lemma negligible_sparse_kkt:
  assumes "p \<ge> 2"
  shows "negligible {z :: (real ^ 'n ^ 'm) \<times> (real ^ 'm).
    \<exists>x l j. l \<noteq> 0 \<and> transpose (fst z) *v l = signed_powr_vec p x \<and> fst z *v x = snd z \<and> x $ j = 0}"
proof -
  have "negligible (kkt_param p k ` {z :: (real ^ 'n ^ 'm) \<times> (real ^ 'm). fst z $ k $ j = 0 \<and> snd z $ k \<noteq> 0})"
    for j k
    by (intro negligible_differentiable_image_negligible[OF order_refl]
        negligible_subset[OF negligible_fst_component_eq_0]
        differentiable_at_imp_differentiable_on differentiable_kkt_param assms)
       auto
  then have "negligible (\<Union>j. \<Union>k. kkt_param p k ` {z :: (real ^ 'n ^ 'm) \<times> (real ^ 'm).
      fst z $ k $ j = 0 \<and> snd z $ k \<noteq> 0})"
    by (intro negligible_Union) auto
  moreover have "{z :: (real ^ 'n ^ 'm) \<times> (real ^ 'm).
    \<exists>x l j. l \<noteq> 0 \<and> transpose (fst z) *v l = signed_powr_vec p x \<and> fst z *v x = snd z \<and> x $ j = 0}
      \<subseteq> (\<Union>j. \<Union>k. kkt_param p k ` {z. fst z $ k $ j = 0 \<and> snd z $ k \<noteq> 0})"
  proof
    fix z :: "(real ^ 'n ^ 'm) \<times> (real ^ 'm)"
    assume "z \<in> {z. \<exists>x l j. l \<noteq> 0 \<and> transpose (fst z) *v l = signed_powr_vec p x \<and>
      fst z *v x = snd z \<and> x $ j = 0}"
    then obtain x l j k where "transpose (fst z) *v l = signed_powr_vec p x" "l $ k \<noteq> 0"
      "x $ j = 0" "fst z *v x = snd z"
      by (auto simp: vec_eq_iff)
    from sparse_kkt_point_in_kkt_param_image[OF this(1-3)] this(4)
    show "z \<in> (\<Union>j. \<Union>k. kkt_param p k ` {z. fst z $ k $ j = 0 \<and> snd z $ k \<noteq> 0})"
      by auto
  qed
  ultimately show ?thesis
    by (rule negligible_subset)
qed

lemma AE_lborel_outside_negligible:
  fixes N :: "'a::euclidean_space set"
  assumes "negligible N" "\<And>x. x \<notin> N \<Longrightarrow> P x"
  shows "AE x in lborel. P x"
proof -
  have "AE x in lebesgue. P x"
    unfolding eventually_ae_filter_negligible using assms by blast
  then show ?thesis
    by (rule AE_completion_iff[THEN iffD1])
qed

lemma lp_optimal_unique_full_support:
  fixes A :: "real ^ 'n ^ 'm"
  assumes "p > 1" "y \<noteq> 0"
    and full_rank: "\<And>l. transpose A *v l = 0 \<Longrightarrow> l = 0"
    and no_sparse_kkt:
      "\<And>x l j. l \<noteq> 0 \<Longrightarrow> transpose A *v l = signed_powr_vec p x \<Longrightarrow> A *v x = y \<Longrightarrow> x $ j \<noteq> 0"
  shows "(\<exists>!x. lp_optimal p A y x) \<and> (\<forall>x. lp_optimal p A y x \<longrightarrow> card (supp x) = CARD('n))"
proof -
  obtain x0 where "A *v x0 = y"
    using in_range_transpose_if_orthogonal_null_space[of "transpose A" y] full_rank by force
  then obtain x where "lp_optimal p A y x"
    using lp_optimal_exists[OF assms(1)] by blast
  then have "\<exists>!x. lp_optimal p A y x"
    using lp_optimal_unique[OF assms(1)] by blast
  moreover have "supp x = UNIV" if opt: "lp_optimal p A y x" for x
  proof -
    obtain l where l: "transpose A *v l = signed_powr_vec p x"
      using lp_optimal_multiplier[OF assms(1) opt] by blast
    have "A *v x = y"
      using opt by (simp add: lp_optimal_def)
    moreover have "l \<noteq> 0"
    proof
      assume "l = 0"
      then have "signed_powr_vec p x = 0"
        using l by simp
      then have "x = 0"
        by (simp add: signed_powr_vec_def vec_eq_iff)
      then show False
        using \<open>A *v x = y\<close> \<open>y \<noteq> 0\<close> by simp
    qed
    ultimately show ?thesis
      using no_sparse_kkt l by (auto simp: supp_def)
  qed
  ultimately show ?thesis
    by simp
qed
(* Let $A$ be an integral domain containing $\mathbb{Q}$, let $R:=A/\mathbb{Q}^\times$ be the quotient hyperring, $\pi:A\to R$ the canonical projection, $X=(\operatorname{Spec}A,\mathcal{O}_X)$ the usual affine scheme and $Y=(\operatorname{Spec}R,\mathcal{O}_Y)$ the hyperring scheme of $R$. Then: (1) the map $\varphi:\operatorname{Spec}R\to\operatorname{Spec}A$, $\mathfrak{p}\mapsto\pi^{-1}(\mathfrak{p})$, is a homeomorphism; (2) for every nonempty open subset $U\subseteq X$, $\mathcal{O}_Y(\varphi^{-1}(U))\cong\mathcal{O}_X(U)/\mathbb{Q}^\times$ as hyperrings.
   Context: For a commutative ring $B$ and a subgroup $G$ of its unit group, the quotient hyperring $B/G$ is the set of cosets $bG$ with $(xG)(yG)=xyG$ and $xG+yG=\{qG\mid q=xt+ys,\ t,s\in G\}$; for nonempty $U$, $\mathcal{O}_X(U)$ is an integral domain containing $\mathbb{Q}$, so $\mathcal{O}_X(U)/\mathbb{Q}^\times$ is defined. $R$ is a hyperring without zero-divisors. Hyperrings, hyperideals ($a-rb\subseteq I$ for $a,b\in I$), prime hyperideals, and $\operatorname{Spec}R$ with the Zariski topology (closed sets $V(I)$) are as for rings. For a multiplicative submonoid $T$ of $R$, $T^{-1}R$ is $R\times T$ modulo $(r_1,t_1)\sim(r_2,t_2)\iff xr_1t_2=xr_2t_1$ for some $x\in T$, with $\frac{r_1}{t_1}+\frac{r_2}{t_2}=\{\frac y{t_1t_2}\mid y\in r_1t_2+t_1r_2\}$ and componentwise multiplication; $R_\mathfrak{p}=(R\setminus\mathfrak{p})^{-1}R$. The sheaf $\mathcal{O}_Y$: $\mathcal{O}_Y(V)$ is the set of maps $s:V\to\bigsqcup_{\mathfrak{p}\in V}R_\mathfrak{p}$, $s(\mathfrak{p})\in R_\mathfrak{p}$, such that each point of $V$ has a neighbourhood on which $s(\mathfrak{q})=\frac af$ for fixed $a,f\in R$ with $f\notin\mathfrak{q}$; multiplication is pointwise and $s+t=\{r\mid r(\mathfrak{p})\in s(\mathfrak{p})+t(\mathfrak{p})\ \forall\mathfrak{p}\in V\}$. *)

theory Defs
  imports Main
begin

record 'a hyperring =
  hcarrier :: "'a set"
  hplus :: "'a \<Rightarrow> 'a \<Rightarrow> 'a set"
  htimes :: "'a \<Rightarrow> 'a \<Rightarrow> 'a"
  hzero :: 'a
  hone :: 'a

definition ring_hyp :: "'a::comm_ring_1 hyperring" where
  "ring_hyp = \<lparr>hcarrier = UNIV, hplus = (\<lambda>x y. {x + y}), htimes = (*), hzero = 0, hone = 1\<rparr>"

definition hneg :: "('a, 'm) hyperring_scheme \<Rightarrow> 'a \<Rightarrow> 'a" where
  "hneg H x = (THE y. y \<in> hcarrier H \<and> hzero H \<in> hplus H x y)"

definition hideal :: "('a, 'm) hyperring_scheme \<Rightarrow> 'a set \<Rightarrow> bool" where
  "hideal H I \<longleftrightarrow> I \<subseteq> hcarrier H \<and> I \<noteq> {} \<and>
     (\<forall>a\<in>I. \<forall>b\<in>I. \<forall>r\<in>hcarrier H. hplus H a (hneg H (htimes H r b)) \<subseteq> I)"

definition hprime :: "('a, 'm) hyperring_scheme \<Rightarrow> 'a set \<Rightarrow> bool" where
  "hprime H P \<longleftrightarrow> hideal H P \<and> P \<noteq> hcarrier H \<and>
     (\<forall>a\<in>hcarrier H. \<forall>b\<in>hcarrier H. htimes H a b \<in> P \<longrightarrow> a \<in> P \<or> b \<in> P)"

definition hSpec :: "('a, 'm) hyperring_scheme \<Rightarrow> 'a set set" where
  "hSpec H = {P. hprime H P}"

definition hV :: "('a, 'm) hyperring_scheme \<Rightarrow> 'a set \<Rightarrow> 'a set set" where
  "hV H I = {P \<in> hSpec H. I \<subseteq> P}"

definition zopen :: "('a, 'm) hyperring_scheme \<Rightarrow> 'a set set \<Rightarrow> bool" where
  "zopen H U \<longleftrightarrow> (\<exists>I. hideal H I \<and> U = hSpec H - hV H I)"

definition hcoset :: "('a, 'm) hyperring_scheme \<Rightarrow> 'a set \<Rightarrow> 'a \<Rightarrow> 'a set" where
  "hcoset B G x = {htimes B x g | g. g \<in> G}"

definition quot_times :: "('a, 'm) hyperring_scheme \<Rightarrow> 'a set \<Rightarrow> 'a set \<Rightarrow> 'a set \<Rightarrow> 'a set" where
  "quot_times B G X Y = (SOME Z. \<exists>x y. x \<in> hcarrier B \<and> y \<in> hcarrier B \<and>
       X = hcoset B G x \<and> Y = hcoset B G y \<and> Z = hcoset B G (htimes B x y))"

definition hquot :: "('a, 'm) hyperring_scheme \<Rightarrow> 'a set \<Rightarrow> 'a set hyperring" where
  "hquot B G = \<lparr>hcarrier = hcoset B G ` hcarrier B,
     hplus = (\<lambda>X Y. {hcoset B G q | q x y t s. x \<in> hcarrier B \<and> y \<in> hcarrier B \<and>
                 X = hcoset B G x \<and> Y = hcoset B G y \<and> t \<in> G \<and> s \<in> G \<and>
                 q \<in> hplus B (htimes B x t) (htimes B y s)}),
     htimes = quot_times B G,
     hzero = hcoset B G (hzero B),
     hone = hcoset B G (hone B)\<rparr>"

text \<open>The image of \<open>\<rat>\<^sup>\<times>\<close> in a ring containing \<open>\<rat>\<close>.\<close>
definition rat_units :: "'a::comm_ring_1 set" where
  "rat_units = {u. \<exists>p q :: int. p \<noteq> 0 \<and> q \<noteq> 0 \<and> of_int q * u = of_int p}"

text \<open>The class of (r,t) in \<open>T\<^sup>-\<^sup>1 H\<close>.\<close>
definition hfrac :: "('a, 'm) hyperring_scheme \<Rightarrow> 'a set \<Rightarrow> 'a \<Rightarrow> 'a \<Rightarrow> ('a \<times> 'a) set" where
  "hfrac H T r t = {(r', t'). r' \<in> hcarrier H \<and> t' \<in> T \<and>
      (\<exists>x\<in>T. htimes H x (htimes H r t') = htimes H x (htimes H r' t))}"

definition hloc :: "('a, 'm) hyperring_scheme \<Rightarrow> 'a set \<Rightarrow> ('a \<times> 'a) set set" where
  "hloc H P = {hfrac H (hcarrier H - P) r t | r t. r \<in> hcarrier H \<and> t \<in> hcarrier H - P}"

definition loc_plus :: "('a, 'm) hyperring_scheme \<Rightarrow> 'a set \<Rightarrow> ('a \<times> 'a) set \<Rightarrow> ('a \<times> 'a) set \<Rightarrow> ('a \<times> 'a) set set" where
  "loc_plus H P u v = {hfrac H (hcarrier H - P) y (htimes H t1 t2) | y r1 t1 r2 t2.
      r1 \<in> hcarrier H \<and> r2 \<in> hcarrier H \<and> t1 \<in> hcarrier H - P \<and> t2 \<in> hcarrier H - P \<and>
      u = hfrac H (hcarrier H - P) r1 t1 \<and> v = hfrac H (hcarrier H - P) r2 t2 \<and>
      y \<in> hplus H (htimes H r1 t2) (htimes H t1 r2)}"

definition loc_times :: "('a, 'm) hyperring_scheme \<Rightarrow> 'a set \<Rightarrow> ('a \<times> 'a) set \<Rightarrow> ('a \<times> 'a) set \<Rightarrow> ('a \<times> 'a) set" where
  "loc_times H P u v = (SOME w. \<exists>r1 t1 r2 t2.
      r1 \<in> hcarrier H \<and> r2 \<in> hcarrier H \<and> t1 \<in> hcarrier H - P \<and> t2 \<in> hcarrier H - P \<and>
      u = hfrac H (hcarrier H - P) r1 t1 \<and> v = hfrac H (hcarrier H - P) r2 t2 \<and>
      w = hfrac H (hcarrier H - P) (htimes H r1 r2) (htimes H t1 t2))"

definition hsections :: "('a, 'm) hyperring_scheme \<Rightarrow> 'a set set \<Rightarrow> ('a set \<Rightarrow> ('a \<times> 'a) set) set" where
  "hsections H V = {s. (\<forall>P. P \<notin> V \<longrightarrow> s P = undefined) \<and> (\<forall>P\<in>V. s P \<in> hloc H P) \<and>
      (\<forall>P\<in>V. \<exists>W a f. zopen H W \<and> P \<in> W \<and> W \<subseteq> V \<and> a \<in> hcarrier H \<and> f \<in> hcarrier H \<and>
          (\<forall>Q\<in>W. f \<notin> Q \<and> s Q = hfrac H (hcarrier H - Q) a f))}"

definition const_sec :: "('a, 'm) hyperring_scheme \<Rightarrow> 'a set set \<Rightarrow> 'a \<Rightarrow> 'a set \<Rightarrow> ('a \<times> 'a) set" where
  "const_sec H V a = (\<lambda>P. if P \<in> V then hfrac H (hcarrier H - P) a (hone H) else undefined)"

definition hsheaf :: "('a, 'm) hyperring_scheme \<Rightarrow> 'a set set \<Rightarrow> ('a set \<Rightarrow> ('a \<times> 'a) set) hyperring" where
  "hsheaf H V = \<lparr>hcarrier = hsections H V,
     hplus = (\<lambda>s t. {r \<in> hsections H V. \<forall>P\<in>V. r P \<in> loc_plus H P (s P) (t P)}),
     htimes = (\<lambda>s t P. if P \<in> V then loc_times H P (s P) (t P) else undefined),
     hzero = const_sec H V (hzero H),
     hone = const_sec H V (hone H)\<rparr>"

definition hyperring_iso :: "('a \<Rightarrow> 'b) \<Rightarrow> ('a, 'm) hyperring_scheme \<Rightarrow> ('b, 'n) hyperring_scheme \<Rightarrow> bool" where
  "hyperring_iso f H K \<longleftrightarrow> bij_betw f (hcarrier H) (hcarrier K) \<and>
     (\<forall>x\<in>hcarrier H. \<forall>y\<in>hcarrier H. f (htimes H x y) = htimes K (f x) (f y) \<and>
                                      f ` hplus H x y = hplus K (f x) (f y)) \<and>
     f (hzero H) = hzero K \<and> f (hone H) = hone K"

end

theory Submission
  imports Defs "HOL-Computational_Algebra.Fraction_Field"
begin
◇ ◇ ◇ ◇
HOW TO COMPLETE THIS TASK
Please, from the material above, copy only the lines from the line with "(kkt_param p k" up to and including the line with "by (auto simp: vec_eq_iff)", exactly as written.

RESULT FOR THIS EXERCISE
  have "negligible (kkt_param p k ` {z :: (real ^ 'n ^ 'm) \<times> (real ^ 'm). fst z $ k $ j = 0 \<and> snd z $ k \<noteq> 0})"
    for j k
    by (intro negligible_differentiable_image_negligible[OF order_refl]
        negligible_subset[OF negligible_fst_component_eq_0]
        differentiable_at_imp_differentiable_on differentiable_kkt_param assms)
       auto
  then have "negligible (\<Union>j. \<Union>k. kkt_param p k ` {z :: (real ^ 'n ^ 'm) \<times> (real ^ 'm).
      fst z $ k $ j = 0 \<and> snd z $ k \<noteq> 0})"
    by (intro negligible_Union) auto
  moreover have "{z :: (real ^ 'n ^ 'm) \<times> (real ^ 'm).
    \<exists>x l j. l \<noteq> 0 \<and> transpose (fst z) *v l = signed_powr_vec p x \<and> fst z *v x = snd z \<and> x $ j = 0}
      \<subseteq> (\<Union>j. \<Union>k. kkt_param p k ` {z. fst z $ k $ j = 0 \<and> snd z $ k \<noteq> 0})"
  proof
    fix z :: "(real ^ 'n ^ 'm) \<times> (real ^ 'm)"
    assume "z \<in> {z. \<exists>x l j. l \<noteq> 0 \<and> transpose (fst z) *v l = signed_powr_vec p x \<and>
      fst z *v x = snd z \<and> x $ j = 0}"
    then obtain x l j k where "transpose (fst z) *v l = signed_powr_vec p x" "l $ k \<noteq> 0"
      "x $ j = 0" "fst z *v x = snd z"
      by (auto simp: vec_eq_iff)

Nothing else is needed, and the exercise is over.